Consumers have spent the last two decades being bombarded by digital advertisements. As a result, our brains have developed a subconscious defense mechanism called "banner blindness."

When a reader opens an email and the first thing they see is a massive, highly produced graphic logo, their brain instantly registers the interaction as a transaction. Their guard immediately goes up. You have lost their inherent trust before they have even read your first sentence.

"If your email looks like a promotional flyer, your reader's brain will automatically treat it like a promotional flyer. It will be skimmed, ignored, or deleted."

The Inbox Architecture

The "Hybrid" Plain-Text Pivot

I transition almost all of my B2B, SaaS, and creator clients away from heavy templates and into "hybrid plain-text" emails.

What does this mean? It means the email is still technically HTML (so we can track open pixels and link clicks), but visually, it mimics a standard email from a friend. This means left-aligned text, standard system fonts (like Arial, Helvetica, or Georgia), a simple sign-off, and standard blue hyperlinks instead of massive HTML buttons.

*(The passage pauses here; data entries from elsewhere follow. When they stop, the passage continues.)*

(* Let $G=(V,E)$ be a finite simple connected graph, $b\in\mathbb{R}^V$ nontrivial, $S\subset V$ a $b$-boundable subset with $s=|S|$, $x_S$ the local solution of $\mathcal{L}x=b$ satisfying the boundary condition $b$, and $b_1=D_S^{-1/2}A_{S,\delta S}D_{\delta S}^{-1/2}b_{\delta S}$. Let $0<\gamma<1$, $T=s^3\log(s^3\gamma^{-1})$ and $N=T/\gamma$. Then $$\Big\|x_S-\sum_{j=1}^N \mathcal{H}_{S,jT/N}\,\frac{T}{N}\,b_1\Big\|\le\gamma\big(\|b_1\|+\|x_S\|\big).$$
   Context: $d_v$ is the degree of $v$, $D$ the diagonal degree matrix, $A$ the adjacency matrix, $\mathcal{L}=D^{-1/2}(D-A)D^{-1/2}$. For $S\subseteq V$, $M_S$ is the principal submatrix indexed by $S$; $\delta(S)=\{u\in V\setminus S: u\sim v\text{ for some }v\in S\}$; $A_{S,\delta S}$ is the submatrix of $A$ with rows $S$ and columns $\delta(S)$; $D_{\delta S}$, $b_{\delta S}$ are restrictions to $\delta(S)$. $S$ is $b$-boundable if (i) $S\subseteq V\setminus\mathrm{supp}(b)$, (ii) $\delta(S)\cap\mathrm{supp}(b)\neq\emptyset$, (iii) the induced subgraph on $S$ is connected and $\delta(S)\neq\emptyset$. The solution of $\mathcal{L}x=b$ satisfying the boundary condition $b$ is $x\in\mathbb{R}^V$ with $x(v)=\sum_{u\sim v}x(u)/\sqrt{d_vd_u}$ for $v\in S$ and $x(v)=b(v)$ for $v\notin S$; $x_S$ is its restriction to $S$. $\mathcal{H}_{S,t}=e^{-t\mathcal{L}_S}$. $\|\cdot\|$ is the Euclidean norm. *)

theory Defs
  imports "HOL-Analysis.Analysis"
begin

definition simple_graph :: "'a set \<Rightarrow> ('a \<Rightarrow> 'a \<Rightarrow> bool) \<Rightarrow> bool" where
  "simple_graph V E \<longleftrightarrow> finite V \<and> (\<forall>u v. E u v \<longrightarrow> u \<in> V \<and> v \<in> V)
     \<and> (\<forall>u v. E u v \<longrightarrow> E v u) \<and> (\<forall>u. \<not> E u u)"

definition connected_on :: "('a \<Rightarrow> 'a \<Rightarrow> bool) \<Rightarrow> 'a set \<Rightarrow> bool" where
  "connected_on E S \<longleftrightarrow> S \<noteq> {} \<and>
     (\<forall>u\<in>S. \<forall>v\<in>S. (u, v) \<in> {(a, c). a \<in> S \<and> c \<in> S \<and> E a c}\<^sup>*)"

definition degree :: "'a set \<Rightarrow> ('a \<Rightarrow> 'a \<Rightarrow> bool) \<Rightarrow> 'a \<Rightarrow> real" where
  "degree V E v = real (card {u \<in> V. E v u})"

definition adj :: "('a \<Rightarrow> 'a \<Rightarrow> bool) \<Rightarrow> 'a \<Rightarrow> 'a \<Rightarrow> real" where
  "adj E u v = (if E u v then 1 else 0)"

definition nlap :: "'a set \<Rightarrow> ('a \<Rightarrow> 'a \<Rightarrow> bool) \<Rightarrow> 'a \<Rightarrow> 'a \<Rightarrow> real" where
  "nlap V E u v = ((if u = v then degree V E u else 0) - adj E u v)
                   / sqrt (degree V E u * degree V E v)"

definition vboundary :: "'a set \<Rightarrow> ('a \<Rightarrow> 'a \<Rightarrow> bool) \<Rightarrow> 'a set \<Rightarrow> 'a set" where
  "vboundary V E S = {u \<in> V - S. \<exists>v\<in>S. E u v}"

definition supp :: "'a set \<Rightarrow> ('a \<Rightarrow> real) \<Rightarrow> 'a set" where
  "supp V b = {v \<in> V. b v \<noteq> 0}"

definition boundable :: "'a set \<Rightarrow> ('a \<Rightarrow> 'a \<Rightarrow> bool) \<Rightarrow> ('a \<Rightarrow> real) \<Rightarrow> 'a set \<Rightarrow> bool" where
  "boundable V E b S \<longleftrightarrow> S \<subseteq> V - supp V b
     \<and> vboundary V E S \<inter> supp V b \<noteq> {}
     \<and> connected_on E S \<and> vboundary V E S \<noteq> {}"

definition is_local_solution ::
  "'a set \<Rightarrow> ('a \<Rightarrow> 'a \<Rightarrow> bool) \<Rightarrow> 'a set \<Rightarrow> ('a \<Rightarrow> real) \<Rightarrow> ('a \<Rightarrow> real) \<Rightarrow> bool" where
  "is_local_solution V E S b x \<longleftrightarrow>
     (\<forall>v\<in>S. x v = (\<Sum>u\<in>{u \<in> V. E v u}. x u / sqrt (degree V E v * degree V E u)))
     \<and> (\<forall>v\<in>V - S. x v = b v)"

definition vnorm :: "'a set \<Rightarrow> ('a \<Rightarrow> real) \<Rightarrow> real" where
  "vnorm S f = sqrt (\<Sum>v\<in>S. (f v)\<^sup>2)"

definition matvec :: "'a set \<Rightarrow> ('a \<Rightarrow> 'a \<Rightarrow> real) \<Rightarrow> ('a \<Rightarrow> real) \<Rightarrow> 'a \<Rightarrow> real" where
  "matvec S M f = (\<lambda>v. if v \<in> S then (\<Sum>u\<in>S. M v u * f u) else 0)"

text \<open>Heat kernel of the principal submatrix L_S applied to a vector: exp(-t L_S) f.\<close>
definition heat_apply ::
  "'a set \<Rightarrow> ('a \<Rightarrow> 'a \<Rightarrow> bool) \<Rightarrow> 'a set \<Rightarrow> real \<Rightarrow> ('a \<Rightarrow> real) \<Rightarrow> 'a \<Rightarrow> real" where
  "heat_apply V E S t f = (\<lambda>v. \<Sum>k. ((- t) ^ k / fact k) * (((matvec S (nlap V E)) ^^ k) f) v)"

How to format for human readability

When you strip away the flashy design, your copy has to do the heavy lifting. Here is how you format text that actually gets read:

  • Shorter paragraphs: Keep paragraphs to 1-3 sentences maximum. Over 60% of emails are read on mobile devices. A standard five-sentence paragraph looks like an intimidating, unreadable wall of text on an iPhone screen.
  • Use whitespace aggressively: Hit the return key. Let the text breathe. White space acts as a visual resting place for the reader's eyes, pulling them smoothly down the page.
  • Write in the first person: Write exactly like you are emailing a single friend. Stop standing on a stage shouting at an audience. Use "you" and "I." Never use the corporate "we."
  • One image max: If you must use an image, use only one, and only if it provides necessary context (like a chart or a screenshot of a framework).

Strip the design away. Stop hiding behind pretty graphics and let the strength of your offer and the clarity of your copy drive the revenue.